After cruising Cuba’s northwestern coast, one correspondent of mine rethought his plan for a passage to the South Pacific.

Marina Siguanea on the west coast of Isla de la Juventud.If he didn’t enjoy the need for self-reliance just a couple hundred miles from U.S. shores, he surely wasn’t going to enjoy the rustic pleasures of islands with a 2,000-mile ocean crossing as prequel.

“We have been here two months and can hardly believe that we had planned for three … that would have been way too much,” wrote Wendy and Graham aboard the S/V Bravo 2, describing the challenges of isolation, going aground, luckless provisioning and dealing with officials.

“There have been six ‘official’ marinas in the 750 miles we have traveled and, unless you are in some remote area, the Guarda [Cuban border patrol] will not let you ashore in many other places. They come aboard to check your boat everywhere, and you must clear in and clear out at each stop. Well, at least they take their shoes off.”

One would be tempted to ascribe the system of internal port-to-port paperwork requirements and armed scrutiny to the dictatorship of Fidel Castro. It actually is a hangover from the Spanish imperial system and was probably designed to prevent the king’s loyal subjects from looting his treasure galleons as they stopped en route back to Spain.

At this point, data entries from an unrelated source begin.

(* There exists a two-player differentiable game with parameters $\theta=(x,y)\in\mathbb{R}\times\mathbb{R}$ which is a smooth market, whose losses $L^1,L^2$ are both coercive and analytic, which is nondegenerate, and whose only critical point is a strict maximum.
   Context: A differentiable game consists of $n$ players with parameters $\theta=(\theta^1,\dots,\theta^n)\in\mathbb{R}^d$, $\theta^i\in\mathbb{R}^{d_i}$, $\sum_i d_i=d$, and twice continuously differentiable losses $L^i:\mathbb{R}^d\to\mathbb{R}$. The simultaneous gradient is $\xi=(\nabla_{\theta^1}L^1,\dots,\nabla_{\theta^n}L^n)\in\mathbb{R}^d$, and the game Hessian is $H=\nabla\xi$ (the $d\times d$ matrix with blocks $\nabla_{\theta^j}\nabla_{\theta^i}L^i$). A critical point is a $\bar\theta$ with $\xi(\bar\theta)=0$. A critical point is a strict (local) maximum if $H(\bar\theta)\prec 0$, meaning $u^\top H(\bar\theta)u<0$ for all nonzero $u$. The game is a (smooth) market if $L^i(\theta)=L^i(\theta^i)+\sum_{j\ne i}g_{ij}(\theta^i,\theta^j)$ with $g_{ij}(\theta^i,\theta^j)+g_{ji}(\theta^j,\theta^i)=0$ for all $i,j$ (pairwise zero-sum interactions). A loss is coercive if $L^i(\theta)\to\infty$ as $\|\theta\|\to\infty$; the game is coercive if all its losses are. The game is nondegenerate if $H$ is invertible at every critical point. *)

theory Defs
  imports "HOL-Analysis.Analysis"
begin

text \<open>Two-player differentiable games with scalar parameters theta = (x, y) in R x R.
  Player 1 controls x, player 2 controls y.  Losses are functions real \<times> real \<Rightarrow> real.\<close>

definition px :: "(real \<times> real \<Rightarrow> real) \<Rightarrow> real \<times> real \<Rightarrow> real" where
  "px f p = deriv (\<lambda>t. f (t, snd p)) (fst p)"

definition py :: "(real \<times> real \<Rightarrow> real) \<Rightarrow> real \<times> real \<Rightarrow> real" where
  "py f p = deriv (\<lambda>t. f (fst p, t)) (snd p)"

definition C1_fun :: "(real \<times> real \<Rightarrow> real) \<Rightarrow> bool" where
  "C1_fun f \<longleftrightarrow>
     (\<forall>x y. ((\<lambda>t. f (t, y)) has_real_derivative px f (x, y)) (at x)
          \<and> ((\<lambda>t. f (x, t)) has_real_derivative py f (x, y)) (at y))
     \<and> continuous_on UNIV (px f) \<and> continuous_on UNIV (py f)"

definition C2_fun :: "(real \<times> real \<Rightarrow> real) \<Rightarrow> bool" where
  "C2_fun f \<longleftrightarrow> C1_fun f \<and> C1_fun (px f) \<and> C1_fun (py f)"

text \<open>Real analytic on R^2: locally the sum of an (absolutely, i.e. unconditionally)
  convergent double power series.\<close>
definition real_analytic2 :: "(real \<times> real \<Rightarrow> real) \<Rightarrow> bool" where
  "real_analytic2 f \<longleftrightarrow>
     (\<forall>x0 y0. \<exists>r>0. \<exists>a :: nat \<Rightarrow> nat \<Rightarrow> real.
        \<forall>x y. \<bar>x - x0\<bar> < r \<longrightarrow> \<bar>y - y0\<bar> < r \<longrightarrow>
          ((\<lambda>(i, j). a i j * (x - x0) ^ i * (y - y0) ^ j) has_sum f (x, y)) UNIV)"

definition sim_grad :: "(real \<times> real \<Rightarrow> real) \<Rightarrow> (real \<times> real \<Rightarrow> real) \<Rightarrow> real \<times> real \<Rightarrow> real \<times> real" where
  "sim_grad L1 L2 p = (px L1 p, py L2 p)"

definition game_hessian :: "(real \<times> real \<Rightarrow> real) \<Rightarrow> (real \<times> real \<Rightarrow> real) \<Rightarrow> real \<times> real \<Rightarrow> real^2^2" where
  "game_hessian L1 L2 p =
     vector [vector [px (px L1) p, py (px L1) p],
             vector [px (py L2) p, py (py L2) p]]"

definition critical_point :: "(real \<times> real \<Rightarrow> real) \<Rightarrow> (real \<times> real \<Rightarrow> real) \<Rightarrow> real \<times> real \<Rightarrow> bool" where
  "critical_point L1 L2 p \<longleftrightarrow> sim_grad L1 L2 p = (0, 0)"

definition strict_max :: "(real \<times> real \<Rightarrow> real) \<Rightarrow> (real \<times> real \<Rightarrow> real) \<Rightarrow> real \<times> real \<Rightarrow> bool" where
  "strict_max L1 L2 p \<longleftrightarrow> critical_point L1 L2 p \<and>
     (\<forall>u :: real^2. u \<noteq> 0 \<longrightarrow> u \<bullet> (game_hessian L1 L2 p *v u) < 0)"

definition nondegenerate :: "(real \<times> real \<Rightarrow> real) \<Rightarrow> (real \<times> real \<Rightarrow> real) \<Rightarrow> bool" where
  "nondegenerate L1 L2 \<longleftrightarrow> (\<forall>p. critical_point L1 L2 p \<longrightarrow> invertible (game_hessian L1 L2 p))"

definition coercive :: "(real \<times> real \<Rightarrow> real) \<Rightarrow> bool" where
  "coercive L \<longleftrightarrow> filterlim L at_top at_infinity"

definition is_market :: "(real \<times> real \<Rightarrow> real) \<Rightarrow> (real \<times> real \<Rightarrow> real) \<Rightarrow> bool" where
  "is_market L1 L2 \<longleftrightarrow>
     (\<exists>(f1 :: real \<Rightarrow> real) (f2 :: real \<Rightarrow> real) (g12 :: real \<Rightarrow> real \<Rightarrow> real) (g21 :: real \<Rightarrow> real \<Rightarrow> real).
        (\<forall>x y. L1 (x, y) = f1 x + g12 x y \<and> L2 (x, y) = f2 y + g21 y x)
      \<and> (\<forall>a b. g12 a b + g21 b a = 0))"

end

theory Submission
  imports Defs "HOL-Real_Asymp.Real_Asymp"
begin

(* Take L1 = x^4 - x^2 + 3xy + y^2 and L2 = y^4 - y^2 - 3xy + x^2. The interaction terms
   3xy + y^2 - x^2 and x^2 - y^2 - 3xy cancel, so the game is a market, and the quartic terms
   make both losses coercive. With r = x^2 + y^2, pairing the simultaneous gradient
   (4x^3 - 2x + 3y, 4y^3 - 2y - 3x) with (x, y) and with (y, -x) shows that at a critical point
   2(x^4 + y^4) = r and 3r = -4xy(x^2 - y^2); hence 3r <= r^2 <= r, so r = 0 and the origin is
   the only critical point. There the game Hessian is [[-2, 3], [-3, -2]], a rotation-scaling
   matrix with symmetric part -2I: invertible and negative definite. Smoothness and analyticity
   hold for all polynomials, the latter by binomial re-expansion around each point. *)

definition bipoly :: "(real \<times> nat \<times> nat) list \<Rightarrow> real \<times> real \<Rightarrow> real" where
  "bipoly ms p = (\<Sum>(c, i, j)\<leftarrow>ms. c * fst p ^ i * snd p ^ j)"
(* Assume the Lang–Waldschmidt conjecture: for every $\epsilon>0$ there is $C(\epsilon)>0$ such that for all positive integers $a_1,\dots,a_n$ and nonzero integers $b_1,\dots,b_n$ with $a_1^{b_1}\cdots a_n^{b_n}\neq1$, $$ \left|a_1^{b_1}\cdots a_n^{b_n}-1\right|\ge\frac{C(\epsilon)\max_j|b_j|}{|b_1\cdots b_na_1\cdots a_n|^{1+\epsilon}}. $$ Let $\epsilon>0$. Then there is a constant $C'_\epsilon$ such that for all $x\in\mathbb{P}^1(\mathbb{Q})\setminus\{0,1,\infty\}$, $$ \lambda_{\mathbb{P}^1,\infty}(1,x)<(1+\epsilon)N^{(1)}_{\mathbb{P}^1}([0]+[\infty],x)+\epsilon\, h(x)+C'_\epsilon. $$
   Context: For $x=b/c\in\mathbb{Q}$ with $b,c$ coprime integers, $h(x)=\log\max\{|b|,|c|\}$. $\lambda_{\mathbb{P}^1,\infty}(1,x)=\log^+(|1-x|^{-1})$ up to a bounded function, where $\log^+t=\log\max\{1,t\}$. Up to a bounded function, $N^{(1)}_{\mathbb{P}^1}([0]+[\infty],x)=\log\mathrm{rad}(bc)$, where $\mathrm{rad}(m)$ is the product of the distinct primes dividing $m$ (this is the truncated counting function $\sum_p\min\{\lambda_{\mathbb{P}^1,p}([0]+[\infty],x),\log p\}$). *)

theory Defs
  imports Complex_Main "HOL-Computational_Algebra.Primes"
begin

definition logplus :: "real \<Rightarrow> real" where
  "logplus t = ln (max 1 t)"

text \<open>Radical: product of the distinct primes dividing m (rad 0 = 1 by this convention; not used).\<close>
definition rad :: "nat \<Rightarrow> nat" where
  "rad m = (\<Prod>p\<in>prime_factors m. p)"

definition height :: "rat \<Rightarrow> real" where
  "height x = (case quotient_of x of (b, c) \<Rightarrow> ln (real_of_int (max \<bar>b\<bar> \<bar>c\<bar>)))"

text \<open>Proximity function lambda_{P^1,infty}(1,x) = log^+ (|1-x|^{-1}) (representative).\<close>
definition lambda_one :: "rat \<Rightarrow> real" where
  "lambda_one x = logplus (1 / \<bar>1 - real_of_rat x\<bar>)"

Mexico had a similar system until recently, when its marine industry successfully lobbied for a one-stop cruising permit system nearly as liberal as that of the Bahamas. The Dominican Republic, part of the second-largest Antillean island after Cuba, continues to administer a port-to-port clearance system that non-Spanish-speaking cruisers despise because they feel — sometimes rightly, sometimes wrongly — they are being shaken down for bribes by Dominican officials.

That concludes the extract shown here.